The New Mexico Finance Authority uses AAA curves in two ways: when the authority is planning to bring a deal to market and when setting interest rates for its borrowers, he said.

Historically, the authority has used the Refinitiv MMD AAA curve but is now looking at BVAL as a possible addition to that process.

Yield curves have historically been beneficial in stable markets, but in times of volatility, they can be a lagging indicator, which can be problematic, Pierce said.

“If the spread is thrown out of whack because of market volatility, that impacts us,” he said. “I’m all in favor of anything that will improve the real-time transparency of municipal yields.”

For the foreseeable future, the authority will use a lot of different information and data on “both where we priced historically on MMD and where we priced historically on BVAL and what other comparables are in the market,” he said.

“So it’s not a hard and fast that we’re only using BVAL,” he said. “It’s going to be the same process as it’s always been, which is let’s get as much information we can both in the secondary and the primary markets and set a scale based on that.”

PFM’s switch is “a signal to the market to try to give issuers more power over their pricing, trying to take control of the market at its benchmark and to try and gather as much information to make the best decision for their taxpayers,” the Ohio Treasurer’s Office said.

However, the transition has caused some “growing pains,” according to one underwriter.

The underwriter had historically used Refinitiv MMD but noted that PFM had been pushing for the BVAL curve, which is a change for the market.

“Competition is always good.

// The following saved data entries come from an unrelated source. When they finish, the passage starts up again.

(* Let $T$ be a power bounded operator. Then $T\overset{d}{\prec} S$ if and only if the isometric asymptote of $T$ is not unitary.
   Context: $S$ denotes the simple unilateral shift, i.e. multiplication by the independent variable on the Hardy space $H^2$. For operators $T\in\mathcal L(\mathcal H)$, $R\in\mathcal L(\mathcal K)$, the notation $T\overset{d}{\prec} R$ means that there exists a transformation $X\in\mathcal L(\mathcal H,\mathcal K)$ with dense range such that $XT=RX$. An operator $T$ is power bounded if $\sup_{n\ge0}\|T^n\|<\infty$. For a power bounded operator $T$, the isometric asymptote $(X_{T,+},V)$ (in the sense of Kérchy) consists of an isometry $V$ and a canonical intertwining mapping $X_{T,+}$ realizing $T\overset{d}{\prec} V$, with the universality property that every intertwining of $T$ with an isometry factors through $X_{T,+}$; the isometry $V$ itself is also called the isometric asymptote of $T$. *)

theory Defs
  imports "HOL-Analysis.Analysis"
begin

text \<open>The distribution has no complex inner product spaces, so we introduce them
  as type classes: a complex vector space structure compatible with the real one,
  a complex (sesquilinear, conjugate-linear in the first argument) inner product
  inducing the norm, and completeness.\<close>

class complex_vector = real_vector +
  fixes scaleC :: "complex \<Rightarrow> 'a \<Rightarrow> 'a" (infixr "*\<^sub>C" 75)
  assumes scaleC_add_right: "a *\<^sub>C (x + y) = a *\<^sub>C x + a *\<^sub>C y"
    and scaleC_add_left: "(a + b) *\<^sub>C x = a *\<^sub>C x + b *\<^sub>C x"
    and scaleC_scaleC: "a *\<^sub>C (b *\<^sub>C x) = (a * b) *\<^sub>C x"
    and scaleC_one: "1 *\<^sub>C x = x"
    and scaleR_scaleC: "scaleR r x = complex_of_real r *\<^sub>C x"

class complex_inner = complex_vector + real_normed_vector +
  fixes cinner :: "'a \<Rightarrow> 'a \<Rightarrow> complex"
  assumes cinner_commute: "cinner x y = cnj (cinner y x)"
    and cinner_add_left: "cinner (x + y) z = cinner x z + cinner y z"
    and cinner_scaleC_left: "cinner (a *\<^sub>C x) y = cnj a * cinner x y"
    and cinner_self_norm: "cinner x x = complex_of_real ((norm x)\<^sup>2)"

class chilbert_space = complex_inner + complete_space
(* Let $S$ be a monoid such that (i) $S$ satisfies $x\,y_1y_2\cdots y_n\,x\,y_ny_{n-1}\cdots y_1\approx x\,y_ny_{n-1}\cdots y_1\,x\,y_1y_2\cdots y_n$ for each $n>1$; (ii) $S$ does not satisfy the identity $xyxy\approx xyyx$; (iii) the words $xytyx$ and $xtyxy$ are isoterms for $S$. Then $S$ is non-finitely based.
   Context: All letters denote distinct variables of a countably infinite alphabet; words are elements of the free semigroup on it. A monoid $S$ satisfies an identity $\mathbf u\approx\mathbf v$ if both sides are equal under every evaluation of the variables in $S$. A word $\mathbf w$ is an isoterm for $S$ if $S$ satisfies no identity $\mathbf w\approx\mathbf w'$ with $\mathbf w'\ne\mathbf w$. $S$ is finitely based if all its identities are derivable from a finite subset of them; otherwise non-finitely based. *)

theory Defs
  imports Main
begin

text \<open>Variables are natural numbers (a countably infinite alphabet); words are
  lists of variables. Semigroup words are the nonempty lists.\<close>

type_synonym word = "nat list"

definition eval_word :: "(nat \<Rightarrow> 'a::monoid_mult) \<Rightarrow> word \<Rightarrow> 'a" where
  "eval_word \<phi> w = prod_list (map \<phi> w)"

It always makes things better. So I’m not opposed to it. It takes a little while to get people on board,” the individual said.

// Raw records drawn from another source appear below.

locale alt_star_algebra =
  fixes smul :: "complex \<Rightarrow> 'a::ab_group_add \<Rightarrow> 'a" and m :: "'a \<Rightarrow> 'a \<Rightarrow> 'a" and st :: "'a \<Rightarrow> 'a"
  assumes alt_star_alg: "alt_star_alg smul m st"
begin

lemma mult_add_left: "m (x + y) z = m x z + m y z"
  using alt_star_alg by (simp add: alt_star_alg_def)
lemma mult_add_right: "m x (y + z) = m x y + m x z"
  using alt_star_alg by (simp add: alt_star_alg_def)
lemma mult_scale_left: "m (smul c x) y = smul c (m x y)"
  using alt_star_alg by (simp add: alt_star_alg_def)
lemma mult_scale_right: "m x (smul c y) = smul c (m x y)"
  using alt_star_alg by (simp add: alt_star_alg_def)
lemma left_alternative: "m (m x x) y = m x (m x y)"
  using alt_star_alg by (simp add: alt_star_alg_def)
lemma right_alternative: "m (m y x) x = m y (m x x)"
  using alt_star_alg by (simp add: alt_star_alg_def)
lemma star_add: "st (x + y) = st x + st y"
  using alt_star_alg by (simp add: alt_star_alg_def)
lemma star_scale: "st (smul c x) = smul (cnj c) (st x)"
  using alt_star_alg by (simp add: alt_star_alg_def)
lemma star_star: "st (st x) = x"
  using alt_star_alg by (simp add: alt_star_alg_def)
lemma star_mult: "st (m x y) = m (st y) (st x)"
  using alt_star_alg by (simp add: alt_star_alg_def)
lemma scale_add_right: "smul c (x + y) = smul c x + smul c y"
  using alt_star_alg by (simp add: alt_star_alg_def cvs_def)
lemma scale_add_left: "smul (c + d) x = smul c x + smul d x"
  using alt_star_alg by (simp add: alt_star_alg_def cvs_def)
lemma scale_scale: "smul c (smul d x) = smul (c * d) x"
  using alt_star_alg by (simp add: alt_star_alg_def cvs_def)
lemma scale_one: "smul 1 x = x"
  using alt_star_alg by (simp add: alt_star_alg_def cvs_def)

lemma mult_zero_left [simp]: "m 0 x = 0"
  using mult_add_left[of 0 0 x] by simp
lemma mult_zero_right [simp]: "m x 0 = 0"
  using mult_add_right[of x 0 0] by simp
lemma mult_minus_left: "m (- x) y = - m x y"
  using mult_add_left[of "- x" x y] by (simp add: eq_neg_iff_add_eq_0)
lemma mult_minus_right: "m x (- y) = - m x y"
  using mult_add_right[of x "- y" y] by (simp add: eq_neg_iff_add_eq_0)
lemma mult_diff_left: "m (x - y) z = m x z - m y z"
  by (simp only: diff_conv_add_uminus mult_add_left mult_minus_left)
lemma mult_diff_right: "m x (y - z) = m x y - m x z"
  by (simp only: diff_conv_add_uminus mult_add_right mult_minus_right)
lemma star_zero [simp]: "st 0 = 0"
  using star_add[of 0 0] by simp
lemma star_minus: "st (- x) = - st x"
  using star_add[of "- x" x] by (simp add: eq_neg_iff_add_eq_0)
lemma star_diff: "st (x - y) = st x - st y"
  by (simp only: diff_conv_add_uminus star_add star_minus)
lemma scale_zero_right [simp]: "smul c 0 = 0"
  using scale_add_right[of c 0 0] by simp
lemma scale_zero_left [simp]: "smul 0 x = 0"
  using scale_add_left[of 0 0 x] by simp
lemma scale_minus_left: "smul (- c) x = - smul c x"
  using scale_add_left[of "- c" c x] by (simp add: eq_neg_iff_add_eq_0)

lemma scale_cancel:
  assumes "c \<noteq> 0" and "smul c x = smul c y" shows "x = y"
proof -
  have "smul (1/c) (smul c x) = smul (1/c) (smul c y)"
    using assms(2) by simp
  then show ?thesis
    using assms(1) by (simp add: scale_scale scale_one)
qed

lemma double_cancel:
  fixes x y :: 'a
  assumes "x + x = y + y" shows "x = y"
proof -
  have half: "z = smul (1/2) (z + z)" for z
    using scale_add_left[of "1/2" "1/2" z] by (simp add: scale_add_right scale_one)
  show ?thesis
    using half[of x] half[of y] assms by simp
qed

lemma flexible: "m (m x y) x = m x (m y x)"
proof -
  have "m (m x (y + x)) (y + x) = m x (m (y + x) (y + x))"
    by (rule right_alternative)
  then have "m (m x y) y + m (m x y) x + (m (m x x) y + m (m x x) x)
           = m x (m y y) + m x (m y x) + (m x (m x y) + m x (m x x))"
    by (simp add: mult_add_left mult_add_right add_ac)
  then show ?thesis
    by (simp add: left_alternative right_alternative)
qed

lemma peirce_signed:
  assumes "x \<in> peirce m u v" shows "signed s x \<in> peirce m u v"
proof -
  obtain y where "x = m (m u y) v"
    using assms by (auto simp: peirce_def)
  then have "signed s x = m (m u (signed s y)) v"
    by (simp add: signed_def mult_minus_left mult_minus_right)
  then show ?thesis
    by (auto simp: peirce_def)
qed

lemma star_prod_add_left: "star_prod m st s (x + y) z = star_prod m st s x z + star_prod m st s y z"
  by (simp add: star_prod_def mult_add_left mult_add_right star_add signed_add algebra_simps)
lemma star_prod_add_right: "star_prod m st s x (y + z) = star_prod m st s x y + star_prod m st s x z"
  by (simp add: star_prod_def mult_add_left mult_add_right signed_add algebra_simps)
lemma star_prod_zero_left [simp]: "star_prod m st s 0 y = 0"
  by (simp add: star_prod_def)
lemma star_prod_zero_right [simp]: "star_prod m st s x 0 = 0"
  by (simp add: star_prod_def)

end

locale peirce_decomp = alt_star_algebra +
  fixes one p :: "'a::ab_group_add"
  assumes unit_left: "m one x = x" and unit_right: "m x one = x"
    and star_p: "st p = p" and p_idem: "m p p = p"
begin

lemma star_one: "st one = one"
  by (metis star_mult star_star unit_left)

text \<open>Peirce indices \<open>1, 2\<close> are encoded as \<open>True, False\<close>.\<close>

definition proj :: "bool \<Rightarrow> 'a" where
  "proj i = (if i then p else one - p)"

definition comp :: "bool \<Rightarrow> bool \<Rightarrow> 'a \<Rightarrow> 'a" where
  "comp i j x = m (m (proj i) x) (proj j)"

lemma proj_True: "proj True = p" and proj_False: "proj False = one - p"
  by (simp_all add: proj_def)

lemma proj_sum: "proj True + proj False = one"
  by (simp add: proj_def)

lemma proj_other: "k \<noteq> i \<Longrightarrow> proj k = one - proj i"
  by (cases i; cases k) (simp_all add: proj_def)

lemma proj_idem: "m (proj i) (proj i) = proj i"
  by (cases i) (simp_all add: proj_def p_idem mult_diff_left mult_diff_right unit_left unit_right)

lemma star_proj: "st (proj i) = proj i"
  by (cases i) (simp_all add: proj_def star_p star_diff star_one)

lemma proj_mult_left: "m (proj k) (m (proj i) x) = (if k = i then m (proj i) x else 0)"
  using left_alternative[of "proj i" x]
  by (cases "k = i") (simp_all add: proj_idem proj_other mult_diff_left unit_left)

lemma proj_mult_right: "m (m x (proj j)) (proj k) = (if j = k then m x (proj j) else 0)"
  using right_alternative[of x "proj j"]
  by (cases "j = k") (simp_all add: proj_idem proj_other[of k j] mult_diff_right unit_right)

lemma proj_middle: "m (proj i) (m y (proj j)) = m (m (proj i) y) (proj j)"
  by (cases "i = j") (simp_all add: flexible proj_other[of j i] mult_diff_right unit_right)

lemma comp_comp: "comp k l (comp i j x) = (if k = i \<and> l = j then comp i j x else 0)"
  by (simp add: comp_def proj_middle proj_mult_left proj_mult_right)

lemma comp_star: "st (comp j i x) = comp i j (st x)"
  by (simp add: comp_def star_mult star_proj proj_middle)

lemma comp_add: "comp i j (x + y) = comp i j x + comp i j y"
  by (simp add: comp_def mult_add_left mult_add_right)

lemma comp_diff: "comp i j (x - y) = comp i j x - comp i j y"
  by (simp add: comp_def mult_diff_left mult_diff_right)

lemma comp_scale: "comp i j (smul c x) = smul c (comp i j x)"
  by (simp add: comp_def mult_scale_left mult_scale_right)

lemma comp_signed: "comp i j (signed s x) = signed s (comp i j x)"
  by (simp add: signed_def comp_def mult_minus_left mult_minus_right)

The Refinitiv MMD and BVAL curves are fairly close, but the assumption is the market is using Refinitiv MMD, the individual said. The underwriter said there is transparency with BVAL, and transparency helps liquidity.

“So having more information out there is only going to help investors and increase liquidity for our product,” the underwriter said.

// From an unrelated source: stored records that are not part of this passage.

lemma deutsch_formula_equation:
  fixes v :: "'a::field fps"
  assumes v0: "v $ 0 = 0" and X: "fps_X = v / (1 + v + v\<^sup>2)" and "0 \<le> t" "-t \<le> i"
  shows "deutsch_formula t i v - deutsch_formula t (i + 1) v
       = of_bool (i = 0) - of_bool (i = -1)
         + fps_X * (deutsch_formula t (i - 1) v - deutsch_formula t i v + deutsch_formula t (i + 1) v)"
proof -
  define V where "V = fps_to_fls v"
  have unit: "(1 + v + v\<^sup>2) $ 0 \<noteq> 0" "(1 + v) $ 0 \<noteq> 0" "(1 - v) $ 0 \<noteq> 0"
    using v0 by (simp_all add: fps_nth_power_0)
  have "v \<noteq> 0" using X by auto
  with unit have "fps_to_fls v \<noteq> 0" "fps_to_fls (1 + v) \<noteq> 0" "fps_to_fls (1 - v) \<noteq> 0"
      "fps_to_fls (1 + v + v\<^sup>2) \<noteq> 0"
    by (metis fps_to_fls_eq_0_iff fps_nonzeroI)+
  then have nonzero: "V \<noteq> 0" "1 + V \<noteq> 0" "1 - V \<noteq> 0" "1 + V + V\<^sup>2 \<noteq> 0"
    unfolding V_def by (simp_all add: fps_to_fls_power)
  have "fls_X = V / (1 + V + V\<^sup>2)"
    using arg_cong[OF X, of fps_to_fls] unit unfolding V_def by (simp add: fps_to_fls_divide fps_to_fls_power)
  then show ?thesis
    using deutsch_formula_field_equation[OF nonzero, of t i] assms
    by (simp flip: fps_to_fls_eq_iff add: fls_times_fps_to_fls fps_to_fls_deutsch_formula V_def of_bool_def)
qed
(* Let $\rho:[0,1]\to(0,1]$ be a weakly increasing continuous function, and let $X_{opt}\in[0,1]$ be a maximizer over $x\in[0,1]$ of $\rho(x)\left(1-\int_0^x\frac{dx'}{\rho(x')}\right)$. Consider the pay-to-play mechanism defined by $\rho$, and fix a buyer type $v$ with total value $V$. Then there exists a dominant strategy for this buyer in which it pays at least $X_{opt}V$ in total to the seller. Moreover, if $X_{opt}$ is a strict maximizer, then every dominant strategy of the buyer pays at least $X_{opt}V$.
   Context: Continuous-time single-buyer setting: the buyer has a Lipschitz-continuous value function $v:[0,1]\to[0,\infty)$ with total value $V=\int_0^1 v(t)\,dt$ known to the seller. The pay-to-play mechanism defined by $\rho$: the buyer chooses a payment rate $x(t)\ge0$; letting $X(t)=\int_0^t x(s)\,ds$ be the total paid by time $t$, the seller allocates the item at rate $r(t)=\rho(X(t)/V)$; the buyer is limited-liability, so $x(t)\le r(t)v(t)$ for all $t$. The buyer's utility is $\int_0^1(r(t)v(t)-x(t))\,dt$; a dominant strategy is a utility-maximizing payment strategy. *)

theory Defs
  imports "HOL-Analysis.Analysis"
begin

definition total_paid :: "(real \<Rightarrow> real) \<Rightarrow> real" where
  "total_paid x = integral {0..1} x"

definition alloc_rate :: "(real \<Rightarrow> real) \<Rightarrow> real \<Rightarrow> (real \<Rightarrow> real) \<Rightarrow> real \<Rightarrow> real" where
  "alloc_rate \<rho> V x t = \<rho> (integral {0..t} x / V)"

definition feasible :: "(real \<Rightarrow> real) \<Rightarrow> (real \<Rightarrow> real) \<Rightarrow> real \<Rightarrow> (real \<Rightarrow> real) \<Rightarrow> bool" where
  "feasible \<rho> v V x \<longleftrightarrow> x integrable_on {0..1} \<and>
     (\<forall>t\<in>{0..1}. 0 \<le> x t \<and> x t \<le> alloc_rate \<rho> V x t * v t)"

definition utility :: "(real \<Rightarrow> real) \<Rightarrow> (real \<Rightarrow> real) \<Rightarrow> real \<Rightarrow> (real \<Rightarrow> real) \<Rightarrow> real" where
  "utility \<rho> v V x = integral {0..1} (\<lambda>t. alloc_rate \<rho> V x t * v t - x t)"

definition dominant :: "(real \<Rightarrow> real) \<Rightarrow> (real \<Rightarrow> real) \<Rightarrow> real \<Rightarrow> (real \<Rightarrow> real) \<Rightarrow> bool" where
  "dominant \<rho> v V x \<longleftrightarrow> feasible \<rho> v V x \<and>
     (\<forall>y. feasible \<rho> v V y \<longrightarrow> utility \<rho> v V y \<le> utility \<rho> v V x)"

definition objective :: "(real \<Rightarrow> real) \<Rightarrow> real \<Rightarrow> real" where
  "objective \<rho> a = \<rho> a * (1 - integral {0..a} (\<lambda>y. 1 / \<rho> y))"

end

theory Submission
  imports Defs
begin

text \<open>Write \<open>u = X / V\<close> for the fraction of \<open>V\<close> paid so far and \<open>G a = \<integral>\<^sub>0\<^sup>a 1/\<rho>\<close>, so that
  \<open>objective \<rho> a = \<rho> a (1 - G a)\<close>.  Limited liability means that \<open>q = x / \<rho>(u)\<close> is at most \<open>v\<close>,
  and since \<open>\<rho>(u t) \<le> \<rho>(u 1)\<close> the utility \<open>\<integral> \<rho>(u) (v - q)\<close> is at most \<open>\<rho>(u 1) (V - \<integral> q)\<close>.
  Substituting \<open>s = u t\<close> gives \<open>\<integral> q \<ge> V G(u 1)\<close>, hence every feasible strategy has utility
  at most \<open>V objective \<rho> (u 1) \<le> V objective \<rho> X\<^sub>o\<^sub>p\<^sub>t\<close>.  The bound is attained by paying at
  the full allowed rate until the fraction \<open>X\<^sub>o\<^sub>p\<^sub>t\<close> has been paid and nothing afterwards; and if
  \<open>X\<^sub>o\<^sub>p\<^sub>t\<close> is a strict maximiser, a strategy attaining it must have \<open>u 1 = X\<^sub>o\<^sub>p\<^sub>t\<close>.\<close>

lemma fine_increments_le:
  fixes \<phi> \<psi> :: "real \<Rightarrow> real"
  assumes "a \<le> b" "0 < \<delta>"
    and fine: "\<And>c d. a \<le> c \<Longrightarrow> c \<le> d \<Longrightarrow> d \<le> b \<Longrightarrow> d - c < \<delta> \<Longrightarrow> \<phi> d - \<phi> c \<le> \<psi> d - \<psi> c"
  shows "\<phi> b - \<phi> a \<le> \<psi> b - \<psi> a"
proof -
  obtain n :: nat where n_large: "(b - a) / \<delta> < real n"
    using reals_Archimedean2 by blast
  moreover have "0 \<le> (b - a) / \<delta>" using assms(1,2) by simp
  ultimately have n_pos: "0 < n" by linarith
  define h where "h = (b - a) / real n"
  have h: "0 \<le> h" "h < \<delta>" "real n * h = b - a"
    using n_large n_pos assms(1,2) by (auto simp: h_def pos_divide_less_eq mult.commute)
  define t where "t k = a + real k * h" for k :: nat
  have t_range: "a \<le> t k" "t k \<le> b" if "k \<le> n" for k
  proof -
    have "real k * h \<le> real n * h" using that h(1) by (intro mult_right_mono) auto
    then show "a \<le> t k" "t k \<le> b" using h by (auto simp: t_def)
  qed
  have step: "\<phi> (t (Suc k)) - \<phi> (t k) \<le> \<psi> (t (Suc k)) - \<psi> (t k)" if "k < n" for k
    by (rule fine) (use that t_range[of k] t_range[of "Suc k"] h in \<open>auto simp: t_def algebra_simps\<close>)
  have "\<phi> (t n) - \<phi> (t 0) = (\<Sum>k<n. \<phi> (t (Suc k)) - \<phi> (t k))"
    by (rule sum_lessThan_telescope[symmetric])
  also have "\<dots> \<le> (\<Sum>k<n. \<psi> (t (Suc k)) - \<psi> (t k))"
    by (rule sum_mono) (use step in auto)
  also have "\<dots> = \<psi> (t n) - \<psi> (t 0)"
    by (rule sum_lessThan_telescope)
  finally show ?thesis using h(3) by (simp add: t_def)
qed

lemma continuous_times_nonneg_integrable_on:
  fixes g f :: "real \<Rightarrow> real"
  assumes "continuous_on {a..b} g" "f integrable_on {a..b}" "\<And>t. t \<in> {a..b} \<Longrightarrow> 0 \<le> f t"
  shows "(\<lambda>t. g t * f t) integrable_on {a..b}"
proof -
  have "(\<lambda>t. g t * f t) absolutely_integrable_on {a..b}"
  proof (rule absolutely_integrable_bounded_measurable_product_real)
    show "g \<in> borel_measurable (lebesgue_on {a..b})"
      by (rule continuous_imp_measurable_on_sets_lebesgue[OF assms(1)]) auto
    show "bounded (g ` {a..b})"
      by (rule compact_imp_bounded[OF compact_continuous_image[OF assms(1)]]) auto
    show "f absolutely_integrable_on {a..b}"
      by (rule nonnegative_absolutely_integrable_1[OF assms(2)]) (use assms(3) in auto)
  qed auto
  then show ?thesis using set_lebesgue_integral_eq_integral(1) by blast
qed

Vonella noted that the suite of 250-plus MMD curves “are an unbiased and trusted source of data used across new-issue pricing/bookrunning, debt structuring, secondary trades, news, risk, evaluated pricing models and more,” he said. “The interdependent historical relationships between the MMD curves, which help users track different structures and understand a broad range of market activity, can also be found on TM3 and our partner applications to solve a wide variety of institutional needs.”

Moving forward, the individual said underwriters may be asked to quote both spreads.

“That’s a bit of a hurdle to get over because if we’re being told to price deals on BVAL, we still got to give the customers the spread to the MMD,” the underwriter said. “It’s just an extra step for us.”

However, “as an underwriter, you have a role to get the best price you can for the issuer, so any way we can do that for them, we’re going do it,” the individual said.

In response to the underwriters’ observations, Fraizer noted there’s always resistance to change at first.

“We certainly recognize that we don’t see this happening overnight, but we hope more and more people will adopt it,” he said. “We wouldn’t do this if we didn’t think it was for the good of the entire municipal market.”